I can’t tell you how many times I’ve opened up a blank page on this blog with thoughts bubbling at my fingertips, only to close and delete it minutes later. Even though these thoughts are spilling over in my head, something stops me from writing them. I can’t shake this fear. I can’t shake this fear that has gripped me beyond writing a silly blog post on my own corner of the interwebs. It’s taken over my life really.

The reasons? Well there are many, but in the most simplest of terms, this isn’t where I wanted to be at this point in my life, and because of this simple statement, I feel the girl I knew, the one that slept, ate and breathed writing and journalism is frozen. Not slipping away, but frozen. It wasn’t meant to be this way for me, I tell myself, but when I graduated in 2007 with a B.A. in journalism, little did I know about the impending storm the publishing world had in store for me and everyone else who graduated with and after me.

Some days I’m ok, there are even days that I’m optimistic, but then there are the days when I feel so helpless and hopeless. I have these pent up ideas - articles and images and interviews flow through my head with nowhere to go.  Not a week goes by that I don’t hear about a newspaper scaling back or a magazine shutting its doors, aimlessly throwing more writers in this gigantic cesspool of unemployment. Not a day goes by that I don’t think about going back to school for a Master’s degree to learn something while I wait for things in the world of journalism to brighten up or at the very least, level out.

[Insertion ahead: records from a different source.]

locale long_induced_cycle =
  fixes V :: "'a set" and E :: "'a \<Rightarrow> 'a \<Rightarrow> bool" and cs :: "'a list"
  assumes graph: "graph V E"
    and claw_bull_free: "claw_bull_free V E"
    and induced_cycle: "induced_cycle V E cs"
    and six_le_length: "6 \<le> length cs"
begin

lemma adj_sym: "E x y \<longleftrightarrow> E y x"
  using graph unfolding graph_def by blast

lemma not_adj_self [simp]: "\<not> E x x"
  using graph unfolding graph_def by blast

lemma adj_in_vertices: "E x y \<Longrightarrow> x \<in> V" "E x y \<Longrightarrow> y \<in> V"
  using graph unfolding graph_def by blast+

lemma cycle_nonempty [simp]: "cs \<noteq> []"
  using six_le_length by auto

lemma nth_cycle_in_vertices [simp]: "i < length cs \<Longrightarrow> cs ! i \<in> V"
  using induced_cycle nth_mem unfolding induced_cycle_def by blast

lemma nth_cycle_eq_iff [simp]:
  "i < length cs \<Longrightarrow> j < length cs \<Longrightarrow> cs ! i = cs ! j \<longleftrightarrow> i = j"
  using induced_cycle nth_eq_iff_index_eq unfolding induced_cycle_def by blast

lemma adj_cycle_iff [simp]:
  "i < length cs \<Longrightarrow> j < length cs \<Longrightarrow>
    E (cs ! i) (cs ! j) \<longleftrightarrow> j = cyc_suc (length cs) i \<or> i = cyc_suc (length cs) j"
  using induced_cycle unfolding induced_cycle_def by (simp add: cyc_suc_eq_mod)

lemma nth_cycle_neq_outside [simp]:
  "v \<notin> set cs \<Longrightarrow> i < length cs \<Longrightarrow> cs ! i \<noteq> v"
  "v \<notin> set cs \<Longrightarrow> i < length cs \<Longrightarrow> v \<noteq> cs ! i"
  using nth_mem by blast+

lemma no_claw:
  "distinct [a, b, c, d] \<Longrightarrow> E a b \<Longrightarrow> E a c \<Longrightarrow> E a d \<Longrightarrow>
    \<not> E b c \<Longrightarrow> \<not> E b d \<Longrightarrow> \<not> E c d \<Longrightarrow> False"
  using claw_bull_free adj_in_vertices
  unfolding claw_bull_free_def has_induced_claw_def by blast

lemma no_bull:
  "distinct [a, b, c, d, e] \<Longrightarrow> E a b \<Longrightarrow> E b c \<Longrightarrow> E a c \<Longrightarrow> E a d \<Longrightarrow> E b e \<Longrightarrow>
    \<not> E d b \<Longrightarrow> \<not> E d c \<Longrightarrow> \<not> E d e \<Longrightarrow> \<not> E e a \<Longrightarrow> \<not> E e c \<Longrightarrow> False"
  using claw_bull_free adj_in_vertices
  unfolding claw_bull_free_def has_induced_bull_def by blast

definition clone_of :: "'a \<Rightarrow> nat \<Rightarrow> bool" where
  "clone_of v a \<longleftrightarrow> a < length cs \<and> v \<in> V \<and> v \<notin> set cs \<and>
     (\<forall>j<length cs. E v (cs ! j) \<longleftrightarrow>
        j = cyc_pred (length cs) a \<or> j = a \<or> j = cyc_suc (length cs) a)"

lemma clone_ofD: "clone_of v a \<Longrightarrow> a < length cs \<and> v \<in> V \<and> v \<notin> set cs"
  unfolding clone_of_def by blast

lemma clone_of_adj_iff:
  assumes "clone_of v a" "j < length cs"
  shows "E v (cs ! j) \<longleftrightarrow> j = cyc_pred (length cs) a \<or> j = a \<or> j = cyc_suc (length cs) a"
    and "E (cs ! j) v \<longleftrightarrow> j = cyc_pred (length cs) a \<or> j = a \<or> j = cyc_suc (length cs) a"
  using assms adj_sym unfolding clone_of_def by blast+

lemma not_adj_whole_cycle:
  assumes "v \<notin> set cs"
  shows "\<exists>m<length cs. \<not> E v (cs ! m)"
proof (rule ccontr)
  assume "\<not> ?thesis"
  moreover have "0 < length cs" "2 < length cs" "4 < length cs" using six_le_length by auto
  ultimately have "E v (cs ! 0)" "E v (cs ! 2)" "E v (cs ! 4)" by blast+
  moreover have "distinct [v, cs ! 0, cs ! 2, cs ! 4]"
    and "\<not> E (cs ! 0) (cs ! 2)" "\<not> E (cs ! 0) (cs ! 4)" "\<not> E (cs ! 2) (cs ! 4)"
    using assms six_le_length by (simp_all add: cyc_suc_def)
  ultimately show False using no_claw by blast
qed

I feel myself drowning in doubt, wrestling with my thoughts, trying to figure out the right course of action, fighting the blues to carry on. I read an insightful article today about this very struggle - about the will to go on, despite the circumstances - how long do you care about being a writer? the article asked. How long (and from where) do you find the strength to keep pushing?

In many ways, I have no right to complain. I am not unemployed. I work in the publishing industry, albeit online and work so hard as a freelance journalist by night, all the while trying to run an online magazine, which I do voluntarily because a) I needed an outlet for writing and producing or else you would have found me sitting at Conrad’s diner at 3 p.m. in the afternoon with the old folk eating broccoli soup and counting sugar cubes before getting hauled off to an asylum and b) because I believe it’s something that that particular community needs and deserves. It’s a civil service if anything else. But I dream up ways every day of making money from my venture and living the journalism life I’ve always wanted. You know, the usual - writing for the Los Angeles Times, researching my novel, contributing to a plethora of smart magazines, perhaps even starting another blog, and before I realize, my daydream has reached the offices of the New York Times building, which might as well be literally in the clouds for me at this point.

Something has got to give.

In the time that I first began writing this entry and now, I’ve looked through all the photos from my trip, and each one carries such enormous weight with it, such amazing memories all tangled in each other in an almost two week adventure. Europe really changed me this time. It’s been two weeks since I got back, but my thoughts are still in London. I miss my boyfriend. I never talk about my relationship here, but I miss him terribly. The world seems calmer, easier to handle, when he’s by my side. I miss him. Who else would put some snow in a bowl with my name on it?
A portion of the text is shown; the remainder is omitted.